The new nodes needn't be connected to the existing nodes for this to still be useful. You could reuse the same graph object for all your tasks.

larryhastings commented 2 years ago

Assuming we do want to be able to add() after a get_ready(), is there a reason that "forgetting" already-produced nodes is the correct behavior, as opposed to remembering all nodes ever added, and raising iff the addition creates a cycle among all nodes ever added or depends on an already-yielded node?

I'm not sure "correct" applies here, because I don't have a sense that one behavior is conceptually more correct than the other. But in implementing my API change, forgetting about the done nodes seemed more practical.

The "benefit" to remembering done nodes: the library can ignore dependencies to them in the future, forever. Adding a dependency to a node that's already been marked as "done" doesn't make much conceptual sense to me, but as a practical thing maybe it's useful? I'm not sure, but it doesn't seem all that useful.

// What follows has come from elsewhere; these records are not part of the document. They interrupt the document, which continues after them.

(* In any execution of Algorithm $\gamma$n-Burst, within any time interval $I^+$ during which at all times at least $n^2$ tasks of cost $\ell_{\max}$ are pending in $\gamma$n-Burst, each $\ell_{\max}$-task has at most one absolute task execution fully contained in $I^+$ (all such absolute task executions appear exactly once).
   Context: Model: $n$ processors with ids $1,\dots,n$ and a shared repository; tasks with ids, arrival times and costs $\ell_{\min}$ or $\ell_{\max}$ ($0<\ell_{\min}<\ell_{\max}$) are injected over time; processors may crash and restart (restarted processors remember only the algorithm and $n$). A task is pending if injected and its completion not yet reported; once reported it is immediately removed. A processor repeatedly obtains the pending set, chooses a task, executes it (a task of cost $\ell$ takes time $\ell/s$ with speedup $s>1$) and reports it; execution is non-preemptive and a crash loses progress. An absolute task execution of $\tau$ is an interval $[t,t']$ in which a processor schedules $\tau$ at $t$ and reports it at $t'$ without stopping in $[t,t')$. Algorithm $\gamma$n-Burst for processor $p$, with $\gamma=\lceil\frac{\ell_{\max}-s\ell_{\min}}{(s-1)\ell_{\min}}\rceil$: counter $c$ set to $0$ on (re)start; each cycle it forms lists $L_{\min},L_{\max}$ of pending tasks of cost $\ell_{\min},\ell_{\max}$ sorted by arrival. Case 1 (both lists $<n^2$): if previous task had cost $\ell_{\min}$, perform task at position $(pn)\bmod|L_{\max}|$ of $L_{\max}$, $c\gets0$; else task at position $(pn)\bmod|L_{\min}|$ of $L_{\min}$, $c\gets\min(c+1,\gamma)$. Case 2 ($|L_{\min}|\ge n^2>|L_{\max}|$): position $pn$ of $L_{\min}$, $c\gets\min(c+1,\gamma)$. Case 3 ($|L_{\max}|\ge n^2>|L_{\min}|$): position $pn$ of $L_{\max}$, $c\gets0$. Case 4 (both $\ge n^2$): if $c=\gamma$, position $pn$ of $L_{\max}$, $c\gets0$; else position $pn$ of $L_{\min}$, $c\gets\min(c+1,\gamma)$. Then report the task. *)

theory Defs
  imports Complex_Main
begin

text \<open>Tasks are identified by natural numbers; a task set is described by the set
  Inj of injected tasks, their arrival (= injection) times arr and their costs cst.  The behaviour of processor p is a (possibly finite)
  timed sequence of steps  run p k = Some (t, a)  (time t, action a).\<close>

datatype act = Restart | Sched nat | Report nat | Poll | Crash

definition sorted_by_arrival :: "(nat \<Rightarrow> real) \<Rightarrow> nat set \<Rightarrow> nat list" where
  "sorted_by_arrival arr S =
     (THE xs. set xs = S \<and> sorted_wrt (\<lambda>x y. arr x < arr y \<or> (arr x = arr y \<and> x < y)) xs)"

text \<open>Element at (1-based, cyclic) position j of a list: position j is the j-th element,
  positions are taken modulo the length of the list.\<close>
definition pick :: "nat \<Rightarrow> nat list \<Rightarrow> nat" where
  "pick j xs = xs ! ((j - 1) mod length xs)"

definition burst_gamma :: "real \<Rightarrow> real \<Rightarrow> real \<Rightarrow> int" where
  "burst_gamma lmin lmax s = \<lceil>(lmax - s * lmin) / ((s - 1) * lmin)\<rceil>"

text \<open>One cycle of gamma n-Burst for processor p with local state (prev, c), where prev is
  the cost of the previously performed task (None after a (re)start) and c the counter,
  given the lists Lmin, Lmax.\<close>
definition burst_choice ::
  "nat \<Rightarrow> real \<Rightarrow> real \<Rightarrow> real \<Rightarrow> nat \<Rightarrow> real option \<Rightarrow> int \<Rightarrow> nat list \<Rightarrow> nat list
   \<Rightarrow> (nat \<times> int) option" where
  "burst_choice n lmin lmax s p prev c Lmin Lmax =
    (let g = burst_gamma lmin lmax s; N = n^2; j = p * n;
         takeMax = Some (pick j Lmax, 0::int);
         takeMin = Some (pick j Lmin, min (c + 1) g)
     in if length Lmin < N \<and> length Lmax < N then
          (if Lmin = [] \<and> Lmax = [] then None
           else if Lmax \<noteq> [] \<and> (prev = Some lmin \<or> Lmin = []) then takeMax
           else takeMin)
        else if length Lmax < N then takeMin
        else if length Lmin < N then takeMax
        else if c = g then takeMax else takeMin)"

definition pending ::
  "nat set \<Rightarrow> (nat \<Rightarrow> real) \<Rightarrow> (nat \<Rightarrow> nat \<Rightarrow> (real \<times> act) option) \<Rightarrow> real \<Rightarrow> nat set" where
  "pending Inj arr run t =
     {\<tau> \<in> Inj. arr \<tau> \<le> t \<and> \<not> (\<exists>p k t'. run p k = Some (t', Report \<tau>) \<and> t' \<le> t)}"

I can only come up with a marginal reason why remembering done nodes is useful. Let's say all your tasks fan out from some fundamental task, like "download master list of work" or something. One of your tasks might discover additional tasks that need to run, and conceptually those tasks might depend on your "download master list of work" task. If the graph remembers the done list forever, then adding that dependency is harmless. If the graph forgets about done nodes, then adding that dependency could re-introduce that task to the graph, which could goof things up. So maybe it's a little bit of a footgun? But on the other hand: you already know you're running, and you're a task that was dependent on the master list of work, which means you implicitly know that dependency has been met. So just skip adding the redundant dependency and you're fine.

On the other hand, forgetting about the nodes has a definite practical benefit: the graph consumes less memory. If you use a graph object for a long time, the list of done nodes it's holding references to would continue to grow and grow and grow. If we forget about done nodes, we free up all that memory, and done membership testing maybe gets faster.

I guess I'm not married to the behavior. If someone had a great conceptual or practical reason why remembering the done nodes forever was better, I'd be willing to listen to reason.

larryhastings commented 2 years ago

Having slept on it, I think the footgun is slightly bigger than I gave it credit for. Also the problem of nodes lingering forever is easily solved: give the user control.

My next iteration will keep the done nodes around, but I'll also add a forget() method that compels the graph to forget all done nodes.

tim-one commented 2 years ago

Various kinds of tasks:

"Power switch must be on." Needs to done the first time. _May_ need to be done again later (if some later task turns the power off again). Can be done any number of times without harm (beyond the expense of checking), so long as the switch is on.
"Ensure gas tank is full." Probably needs to be done anew for every new added task that depends on it.
"Remove outermost layer of skin." Probably shouldn't be done more than once ;-)
"Flip Najdorf switch." Who knows? Doing it a second time - or failing to do it a second time - may be necessary, harmless, or deadly.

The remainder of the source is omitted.